O fluxograma abaixo apresenta aquilo que se chama na literatura de inconsistência temporal da autoridade monetária. Ele mostra, basicamente, qual é a vantagem da existência de um Banco Central independente que atua sob regras claras em relação a um Banco Central que age discricionariamente. Tal resultado foi elaborado pela primeira vez por Kydland e Prescott em um paper seminal.
Suponha que inicialmente o Banco Central anuncie uma política de baixo crescimento monetário. Caso o mercado de trabalho acredite nesse anúncio, os contratos firmados levarão em conta uma baixa inflação e, portanto, ajustarão levemente os salários. Caso o Banco Central cumpra com sua palavra, isto é, caso ele mantenha um baixo crescimento monetário, tem-se assim o cenário 1: baixa inflação e desemprego no nível natural.
Ocorre que o Banco Central pode agir diferentemente daquilo que ele se propôs; e, na verdade, caso o BC esteja submetido às vontades do governante de plantão, ele possui todos os incentivos para assim fazer: uma vez que os agentes acreditam na palavra do Banco Central e ajustam os salários de acordo, a autoridade monetária tem um incentivo a adotar um alto crescimento monetário, obtendo-se com isso o cenário 2: alta inflação e desemprego abaixo do nível natural, resultado capturado pela Curva de Phillips.
O problema com isso é que os agentes não são bobos e não acreditarão na palavra do Banco Central para sempre. No próximo anúncio, os agentes já saberão que o Banco Central tende a não manter a sua palavra e esperarão um alto crescimento monetário, independentemente do que diga a autoridade monetária. Se o Banco Central quiser evitar uma recessão, ele deverá agir de acordo com as expectativas dos agentes e deverá, portanto, manter um alto crescimento monetário. Tem-se com isso o cenário 4: alta inflação e desemprego no nível natural. Percebam que o desemprego está no mesmo nível do cenário 1, mas com o incômodo de se ter uma inflação maior (que significa um fardo maior para a sociedade). Tem-se com isso, em termos técnicos, um equilíbrio de Nash Pareto-ineficiente.

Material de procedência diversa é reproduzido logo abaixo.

(* Let $K\subset\mathbb{R}^n$ and $C\subset\mathbb{R}^m$ be nonempty, convex, closed and bounded sets, and let $f,h:\mathbb{R}^n\times\mathbb{R}^m\to\mathbb{R}$ be continuous functions such that, for every $y\in K$, $f(y,\cdot)$ and $h(y,\cdot)$ are convex, and such that $f$ takes only positive values. Let $\varepsilon>0$ and $y\in K$. Then the problem $\min\{h(y,z)+\varepsilon f^2(y,z)\mid z\in C\}$ admits at least one solution, i.e. $\mathcal{S}_\varepsilon(y)\neq\emptyset$, where $\mathcal{S}_\varepsilon(y)=\operatorname{argmin}\{h(y,z)+\varepsilon f^2(y,z)\mid z\in C\}$. Moreover, there exists a constant $\kappa_y\in\mathbb{R}$ such that $f(y,x)=\kappa_y$ for all $x\in\mathcal{S}_\varepsilon(y)$.
   Context: $f^2(y,z)$ denotes $(f(y,z))^2$. *)

theory Defs
  imports "HOL-Analysis.Analysis"
begin

definition S_eps ::
  "('a \<times> 'b \<Rightarrow> real) \<Rightarrow> ('a \<times> 'b \<Rightarrow> real) \<Rightarrow> 'b set \<Rightarrow> real \<Rightarrow> 'a \<Rightarrow> 'b set" where
  "S_eps h f C \<epsilon> y =
     {z \<in> C. \<forall>w \<in> C. h (y, z) + \<epsilon> * (f (y, z))\<^sup>2 \<le> h (y, w) + \<epsilon> * (f (y, w))\<^sup>2}"

end

theory Submission
  imports Defs
begin

text \<open>Existence: the objective is continuous on the compact set C. Uniqueness of the value of f:
  if two minimisers x1, x2 had different values of f, then at their midpoint h(y,.) is at most the
  average of its values, while f(y,.)^2 is strictly below the average, because f(y,.) is convex and
  positive and the square is strictly convex; so the midpoint would do strictly better.\<close>

lemma square_convex_combination_less:
  fixes a b t :: real
  assumes "a \<noteq> b" "0 < t" "t < 1"
  shows "((1 - t) * a + t * b)\<^sup>2 < (1 - t) * a\<^sup>2 + t * b\<^sup>2"
proof -
  have "(1 - t) * a\<^sup>2 + t * b\<^sup>2 - ((1 - t) * a + t * b)\<^sup>2 = (1 - t) * t * (a - b)\<^sup>2"
    by (simp add: power2_eq_square algebra_simps)
  moreover have "0 < (1 - t) * t * (a - b)\<^sup>2"
    using assms by simp
  ultimately show ?thesis by linarith
qed

lemma convex_on_nonneg_square_less:
  fixes \<phi> :: "'a::real_vector \<Rightarrow> real"
  assumes "convex_on S \<phi>" "x \<in> S" "y \<in> S" "0 < t" "t < 1"
    and "0 \<le> \<phi> ((1 - t) *\<^sub>R x + t *\<^sub>R y)" "\<phi> x \<noteq> \<phi> y"
  shows "(\<phi> ((1 - t) *\<^sub>R x + t *\<^sub>R y))\<^sup>2 < (1 - t) * (\<phi> x)\<^sup>2 + t * (\<phi> y)\<^sup>2"
proof -
  have "\<phi> ((1 - t) *\<^sub>R x + t *\<^sub>R y) \<le> (1 - t) * \<phi> x + t * \<phi> y"
    using convex_onD[OF assms(1)] assms(2-5) by simp
  then have "(\<phi> ((1 - t) *\<^sub>R x + t *\<^sub>R y))\<^sup>2 \<le> ((1 - t) * \<phi> x + t * \<phi> y)\<^sup>2"
    using assms(6) by (rule power_mono)
  also have "\<dots> < (1 - t) * (\<phi> x)\<^sup>2 + t * (\<phi> y)\<^sup>2"
    using assms(7,4,5) by (rule square_convex_combination_less)
  finally show ?thesis .
qed

lemma argmin_convex_plus_square_const:
  fixes \<eta> \<phi> :: "'a::real_vector \<Rightarrow> real"
  assumes "convex C" "convex_on C \<eta>" "convex_on C \<phi>" "\<And>z. z \<in> C \<Longrightarrow> 0 \<le> \<phi> z" "0 < \<epsilon>"
    and "x1 \<in> C" "x2 \<in> C"
    and "\<And>w. w \<in> C \<Longrightarrow> \<eta> x1 + \<epsilon> * (\<phi> x1)\<^sup>2 \<le> \<eta> w + \<epsilon> * (\<phi> w)\<^sup>2"
    and "\<And>w. w \<in> C \<Longrightarrow> \<eta> x2 + \<epsilon> * (\<phi> x2)\<^sup>2 \<le> \<eta> w + \<epsilon> * (\<phi> w)\<^sup>2"
  shows "\<phi> x1 = \<phi> x2"
proof (rule ccontr)
  assume ne: "\<phi> x1 \<noteq> \<phi> x2"
  define m where "m = (1 - 1/2) *\<^sub>R x1 + (1/2::real) *\<^sub>R x2"
  have "m \<in> C"
    unfolding m_def using convexD_alt[OF assms(1,6,7), of "1/2"] by simp
  have \<eta>_mid: "\<eta> m \<le> (\<eta> x1 + \<eta> x2) / 2"
    unfolding m_def using convex_onD[OF assms(2), of "1/2" x1 x2] assms(6,7)
    by (simp add: add_divide_distrib)
  have "(\<phi> m)\<^sup>2 < (1 - 1/2) * (\<phi> x1)\<^sup>2 + (1/2) * (\<phi> x2)\<^sup>2"
    using convex_on_nonneg_square_less[OF assms(3,6,7), of "1/2", folded m_def]
      assms(4)[OF \<open>m \<in> C\<close>] ne
    by simp
  from mult_strict_left_mono[OF this assms(5)]
  have "\<epsilon> * (\<phi> m)\<^sup>2 < (\<epsilon> * (\<phi> x1)\<^sup>2 + \<epsilon> * (\<phi> x2)\<^sup>2) / 2"
    by (simp add: algebra_simps)
  with \<eta>_mid assms(8,9)[OF \<open>m \<in> C\<close>] show False
    by simp
qed

theorem lemma2p1:
  fixes K :: "(real ^ 'n) set" and C :: "(real ^ 'm) set"
    and f h :: "(real ^ 'n) \<times> (real ^ 'm) \<Rightarrow> real"
    and \<epsilon> :: real and y :: "real ^ 'n"
  assumes "K \<noteq> {}" "convex K" "closed K" "bounded K"
    and "C \<noteq> {}" "convex C" "closed C" "bounded C"
    and "continuous_on UNIV f" "continuous_on UNIV h"
    and "\<And>y'. y' \<in> K \<Longrightarrow> convex_on UNIV (\<lambda>z. f (y', z))"
    and "\<And>y'. y' \<in> K \<Longrightarrow> convex_on UNIV (\<lambda>z. h (y', z))"
    and "\<And>p. f p > 0"
    and "\<epsilon> > 0" and "y \<in> K"
  shows "S_eps h f C \<epsilon> y \<noteq> {} \<and> (\<exists>\<kappa>. \<forall>x \<in> S_eps h f C \<epsilon> y. f (y, x) = \<kappa>)"
proof
  have "continuous_on C (\<lambda>z. (y, z))"
    by (intro continuous_intros)
  then have "continuous_on C (\<lambda>z. h (y, z) + \<epsilon> * (f (y, z))\<^sup>2)"
    using continuous_on_compose2[OF assms(9)] continuous_on_compose2[OF assms(10)]
    by (intro continuous_intros) auto
  moreover have "compact C"
    using assms(7,8) by (simp add: compact_eq_bounded_closed)
  ultimately show "S_eps h f C \<epsilon> y \<noteq> {}"
    using continuous_attains_inf[OF _ assms(5)] unfolding S_eps_def by blast
next
  have f_convex: "convex_on C (\<lambda>z. f (y, z))"
    by (rule convex_on_subset[OF assms(11)[OF assms(15)] subset_UNIV assms(6)])
  have h_convex: "convex_on C (\<lambda>z. h (y, z))"
    by (rule convex_on_subset[OF assms(12)[OF assms(15)] subset_UNIV assms(6)])
  have "f (y, x1) = f (y, x2)" if "x1 \<in> S_eps h f C \<epsilon> y" "x2 \<in> S_eps h f C \<epsilon> y" for x1 x2
    using that unfolding S_eps_def
    by (intro argmin_convex_plus_square_const[OF assms(6) h_convex f_convex _ assms(14)])
      (auto intro: less_imp_le assms(13))
  then show "\<exists>\<kappa>. \<forall>x \<in> S_eps h f C \<epsilon> y. f (y, x) = \<kappa>"
    by blast
qed

end
(* Let $J$ be a finite set with $n=|J|\ge2$, let $E$ be a partition of $J$ into pairs, and let $F:\{0,1\}^J\to\mathbb{Q}_{\ge0}$ be even-windable. For $k\ge0$ let $\Omega_k$ be the set of $k$-assignments $x$ (with respect to $E$) with $F(x)>0$, let $\Omega=\Omega_0\cup\Omega_2$, and assume $\Omega_0\neq\emptyset$. Define $P:\Omega\times\Omega\to[0,1]$ by $P(x,y)=\frac{2}{n^2}\min(1,F(y)/F(x))$ if $d(x,y)=2$, $P(x,x)=1-\frac2{n^2}\sum_{y'\in\Omega:d(x,y')=2}\min(1,F(y')/F(x))$, and $P(x,y)=0$ otherwise. Let $\pi(x)=F(x)/\sum_{y\in\Omega}F(y)$ for $x\in\Omega$ and $\pi(\Omega_0)=\sum_{x\in\Omega_0}\pi(x)$. Then for all $x\in\Omega$ and all integers $t\ge0$, $$\tfrac12\sum_{y\in\Omega}|P^t(x,y)-\pi(y)|\le\tfrac12\pi(x)^{-1/2}\exp\!\left(-t\,\pi(\Omega_0)^2/n^4\right),$$ where $P^t$ is the $t$-th matrix power.
   Context: For $x,y\in\{0,1\}^J$, $x\oplus y$ is coordinatewise addition mod 2, $d(x,y)=|\{i:x_i\ne y_i\}|$, and $\mathbf S$ is the characteristic vector of $S\subseteq J$. For a partition $E$ of $J$ into pairs, a $k$-assignment is a configuration $x\in\{0,1\}^J$ such that $x_i\ne x_j$ for exactly $k$ pairs $\{i,j\}\in E$. For $z\in\{0,1\}^J$, $\mathrm{Match}(z)$ is the set of partitions of $\{i:z_i=1\}$ into pairs (empty if $\sum z_i$ is odd). $F:\{0,1\}^J\to\mathbb{Q}_{\ge0}$ is even-windable if there exist $B(x,y,M)\ge0$ for all $x,y\in\{0,1\}^J$, $M\in\mathrm{Match}(x\oplus y)$, with (EW1) $F(x)F(y)=\sum_{M\in\mathrm{Match}(x\oplus y)}B(x,y,M)$ for all $x,y$, and (EW2) $B(x,y,M)=B(x\oplus\mathbf S,y\oplus\mathbf S,M)$ for all $x,y$ and all $S\in M\in\mathrm{Match}(x\oplus y)$. *)

theory Defs
  imports Complex_Main
begin
definition avoid_count :: "nat \<Rightarrow> nat list \<times> nat set \<times> nat set \<Rightarrow> nat" where
  "avoid_count n p = card {\<pi> \<in> permutations_of_set {1..n}. \<not> contains_bv \<pi> p}"

end

theory Submission imports Defs begin

text \<open>In both patterns the condition 3 \<in> Y forces the entry of an occurrence playing the
  role of 3 to be the maximum n. Conversely any 132 occurrence through n can be moved to one
  whose 1 and 2 are adjacent values: if the successor of the 1 lies left of n, it becomes the
  new 1. So a permutation avoids either pattern iff it has the form xs n ys with every entry of
  xs above every entry of ys, i.e. xs a permutation of {n-k+1..n-1} and ys of {1..n-k}, where k
  is the position of n; there are (k-1)! (n-k)! of these for each k.\<close>

definition has_132_at_max :: "nat list \<Rightarrow> bool" where
  "has_132_at_max \<pi> \<longleftrightarrow>
     (\<exists>i j l. i < j \<and> j < l \<and> l < length \<pi> \<and> \<pi> ! j = length \<pi> \<and> \<pi> ! i < \<pi> ! l)"

lemma ball_atLeastAtMost_1_3: "(\<forall>a\<in>{1..3::nat}. P a) \<longleftrightarrow> P 1 \<and> P 2 \<and> P 3"
proof -
  have "{1..3::nat} = {1,2,3}" by auto
  then show ?thesis by simp
qed

lemma all_increasing_pairs_1_3:
  "(\<forall>a b. 1 \<le> a \<longrightarrow> a < b \<longrightarrow> b \<le> (3::nat) \<longrightarrow> P a b) \<longleftrightarrow> P 1 2 \<and> P 1 3 \<and> P 2 3"
proof
  assume P: "P 1 2 \<and> P 1 3 \<and> P 2 3"
  show "\<forall>a b. 1 \<le> a \<longrightarrow> a < b \<longrightarrow> b \<le> (3::nat) \<longrightarrow> P a b"
  proof (intro allI impI)
    fix a b :: nat assume "1 \<le> a" "a < b" "b \<le> 3"
    then have "(a = 1 \<and> b = 2) \<or> (a = 1 \<and> b = 3) \<or> (a = 2 \<and> b = 3)" by arith
    then show "P a b" using P by auto
  qed
qed auto
(* Let $K$ be a $p$-adic number field and $f\in\mathcal{A}_K[1,1]$. Let $q$ be a positive power of $p$, and assume there exist $\zeta,\zeta'\in\mu_\infty$ with $f(\zeta)=\zeta'$. If $f(X)^q=f(X^q)$ (as Laurent series), then $f$ is special.
   Context: $\mathbb{C}_p$ is the completion of an algebraic closure of $\mathbb{Q}_p$ containing $K$; $\mu_\infty$ is the group of roots of unity in $\mathbb{C}_p$. $\mathcal{A}_K[1,1]$ is the set of Laurent series $\sum_{n\in\mathbb{Z}}f_nX^n$ with $f_n\in K$ and $|f_n|_p\to0$ as $|n|\to\infty$. $f$ is special if $f=\eta X^m$ for some $\eta\in\mu_\infty$ and $m\in\mathbb{Z}$. *)

theory Defs
  imports Complex_Main "HOL-Computational_Algebra.Polynomial"
begin

text \<open>We work inside an abstract field L (type 'a) carrying an absolute value av.
  The predicate is_Cp characterises (L, av) up to isometric isomorphism as C_p:
  char 0, non-archimedean, |p| = 1/p, complete, algebraically closed, and the
  elements algebraic over Q are dense.\<close>

definition av_lim :: "('a::field \<Rightarrow> real) \<Rightarrow> (nat \<Rightarrow> 'a) \<Rightarrow> 'a \<Rightarrow> bool" where
  "av_lim av s l \<longleftrightarrow> (\<forall>e>0. \<exists>N. \<forall>n\<ge>N. av (s n - l) < e)"

definition av_cauchy :: "('a::field \<Rightarrow> real) \<Rightarrow> (nat \<Rightarrow> 'a) \<Rightarrow> bool" where
  "av_cauchy av s \<longleftrightarrow> (\<forall>e>0. \<exists>N. \<forall>m\<ge>N. \<forall>n\<ge>N. av (s m - s n) < e)"

definition algebraic_over_Q :: "'a::field_char_0 \<Rightarrow> bool" where
  "algebraic_over_Q x \<longleftrightarrow>
     (\<exists>P::'a poly. P \<noteq> 0 \<and> (\<forall>i. coeff P i \<in> \<rat>) \<and> poly P x = 0)"

definition is_Cp :: "nat \<Rightarrow> ('a::field_char_0 \<Rightarrow> real) \<Rightarrow> bool" where
  "is_Cp p av \<longleftrightarrow>
     prime p \<and>
     (\<forall>x. av x \<ge> 0) \<and> (\<forall>x. av x = 0 \<longleftrightarrow> x = 0) \<and>
     (\<forall>x y. av (x * y) = av x * av y) \<and>
     (\<forall>x y. av (x + y) \<le> max (av x) (av y)) \<and>
     av (of_nat p) = 1 / real p \<and>
     (\<forall>s. av_cauchy av s \<longrightarrow> (\<exists>l. av_lim av s l)) \<and>
     (\<forall>P::'a poly. degree P > 0 \<longrightarrow> (\<exists>x. poly P x = 0)) \<and>
     (\<forall>x. \<exists>s. (\<forall>n. algebraic_over_Q (s n)) \<and> av_lim av s x)"

text \<open>The copy of Q_p inside L: the closure of Q.\<close>
definition Qp_in :: "('a::field_char_0 \<Rightarrow> real) \<Rightarrow> 'a set" where
  "Qp_in av = {x. \<exists>s. (\<forall>n. s n \<in> \<rat>) \<and> av_lim av s x}"

definition padic_number_field :: "('a::field_char_0 \<Rightarrow> real) \<Rightarrow> 'a set \<Rightarrow> bool" where
  "padic_number_field av K \<longleftrightarrow>
     0 \<in> K \<and> 1 \<in> K \<and>
     (\<forall>x\<in>K. \<forall>y\<in>K. x + y \<in> K \<and> x * y \<in> K) \<and>
     (\<forall>x\<in>K. - x \<in> K \<and> inverse x \<in> K) \<and>
     Qp_in av \<subseteq> K \<and>
     (\<exists>B. finite B \<and> B \<subseteq> K \<and>
        (\<forall>x\<in>K. \<exists>c. (\<forall>b\<in>B. c b \<in> Qp_in av) \<and> x = (\<Sum>b\<in>B. c b * b)))"

definition roots_of_unity :: "'a::field set" where
  "roots_of_unity = {z. \<exists>n>0. z ^ n = 1}"

text \<open>Laurent series are coefficient functions int => 'a. A_K[1,1]:\<close>
definition A_K11 :: "('a::field_char_0 \<Rightarrow> real) \<Rightarrow> 'a set \<Rightarrow> (int \<Rightarrow> 'a) \<Rightarrow> bool" where
  "A_K11 av K f \<longleftrightarrow> (\<forall>n. f n \<in> K) \<and>
     (\<forall>e>0. \<exists>N::nat. \<forall>n. \<bar>n\<bar> \<ge> int N \<longrightarrow> av (f n) < e)"

definition laurent_eval_to :: "('a::field_char_0 \<Rightarrow> real) \<Rightarrow> (int \<Rightarrow> 'a) \<Rightarrow> 'a \<Rightarrow> 'a \<Rightarrow> bool" where
  "laurent_eval_to av f z v \<longleftrightarrow>
     av_lim av (\<lambda>N. \<Sum>n\<in>{- int N..int N}. f n * z powi n) v"

definition laurent_mult :: "('a::field_char_0 \<Rightarrow> real) \<Rightarrow> (int \<Rightarrow> 'a) \<Rightarrow> (int \<Rightarrow> 'a) \<Rightarrow> int \<Rightarrow> 'a" where
  "laurent_mult av f g n =
     (THE l. av_lim av (\<lambda>N. \<Sum>k\<in>{- int N..int N}. f k * g (n - k)) l)"

definition laurent_one :: "int \<Rightarrow> 'a::field" where
  "laurent_one n = (if n = 0 then 1 else 0)"

primrec laurent_pow :: "('a::field_char_0 \<Rightarrow> real) \<Rightarrow> (int \<Rightarrow> 'a) \<Rightarrow> nat \<Rightarrow> int \<Rightarrow> 'a" where
  "laurent_pow av f 0 = laurent_one"
| "laurent_pow av f (Suc m) = laurent_mult av (laurent_pow av f m) f"

definition laurent_subst_pow :: "(int \<Rightarrow> 'a::zero) \<Rightarrow> nat \<Rightarrow> int \<Rightarrow> 'a" where
  "laurent_subst_pow f q n = (if int q dvd n then f (n div int q) else 0)"

definition special :: "(int \<Rightarrow> 'a::field) \<Rightarrow> bool" where
  "special f \<longleftrightarrow> (\<exists>\<eta>\<in>roots_of_unity. \<exists>m::int. f = (\<lambda>n. if n = m then \<eta> else 0))"

end

theory Submission
  imports Defs
begin

text \<open>
  Let \<theta> = X d/dX act on the ring of Laurent series whose coefficients tend to 0 in both
  directions; it is a derivation. Applying \<theta> to f^q = f(X^q) gives q f^(q-1) \<theta>f = q (\<theta>f)(X^q),
  and multiplying by f yields \<theta>f \<cdot> f(X^q) = (\<theta>f)(X^q) \<cdot> f.

  Call the first index at which |F_n| is maximal the leading index of F. Since the absolute value is
  non-archimedean, leading indices add under multiplication (Gauss's lemma), and F(X^q) has q times
  the leading index of F. If H \<cdot> f(X^q) = H(X^q) \<cdot> f and H vanishes at the leading index a of f,
  then a nonzero H with leading index b would satisfy b + q a = q b + a, i.e. b = a, which is absurd.
  Hence for q > 1 every such H is a scalar multiple of f. For H = \<theta>f this says n f_n = c f_n for
  all n, so f = \<eta> X^m; then \<eta>^q = \<eta> and \<eta> \<noteq> 0, so \<eta> is a root of unity.

  Only completeness and the ultrametric inequality of the absolute value are used, and the
  hypothesis f(\<zeta>) = \<zeta>' serves only to guarantee f \<noteq> 0.
\<close>

section \<open>Complete non-archimedean absolute values\<close>

locale nonarch_complete_field =
  fixes av :: "'a::field_char_0 \<Rightarrow> real"
  assumes av_nonneg: "av x \<ge> 0"
    and av_eq_0_iff: "av x = 0 \<longleftrightarrow> x = 0"
    and av_mult: "av (x * y) = av x * av y"
    and av_add_le_max: "av (x + y) \<le> max (av x) (av y)"
    and av_cauchy_imp_lim: "av_cauchy av s \<Longrightarrow> \<exists>l. av_lim av s l"
begin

Se o Banco Central quiser recuperar a credibilidade — ancorar as expectativas, como se diz — inevitavelmente uma recessão deverá acontecer: os agentes esperam um alto crescimento monetário mas o Banco Central expande pouco a base monetária, gerando o resultado do cenário 3: baixa inflação e desemprego acima do nível natural. Ocorre que, atuando sob discrição, uma vez que as expectativas voltem a estar ancoradas e a economia retorne ao pleno emprego, o BC passa a ter novamente incentivos para “roubar”, levando à situação inicial.
Como evitar esse jogo de gato e rato, que é evidentemente desgastante e ineficiente? Fazendo com que o BC atue através de regras, atando as mãos dos dirigentes do BC e dos governantes e encerrando, assim, a tentação de obter um ganho de curto prazo na forma de desemprego menor em troca de uma recessão futura. Uma vez que o Banco Central é gerido como política de estado, e não de governo, ele deixa de servir aos interesses eleitoreiros de curto prazo e passa a servir à sociedade, maximizando a utilidade social no longo prazo (a regra atualmente mais usada no mundo é a que estipula uma meta de inflação a ser seguida).
Percebe agora a importância de um BC independente atuando sob regras claras?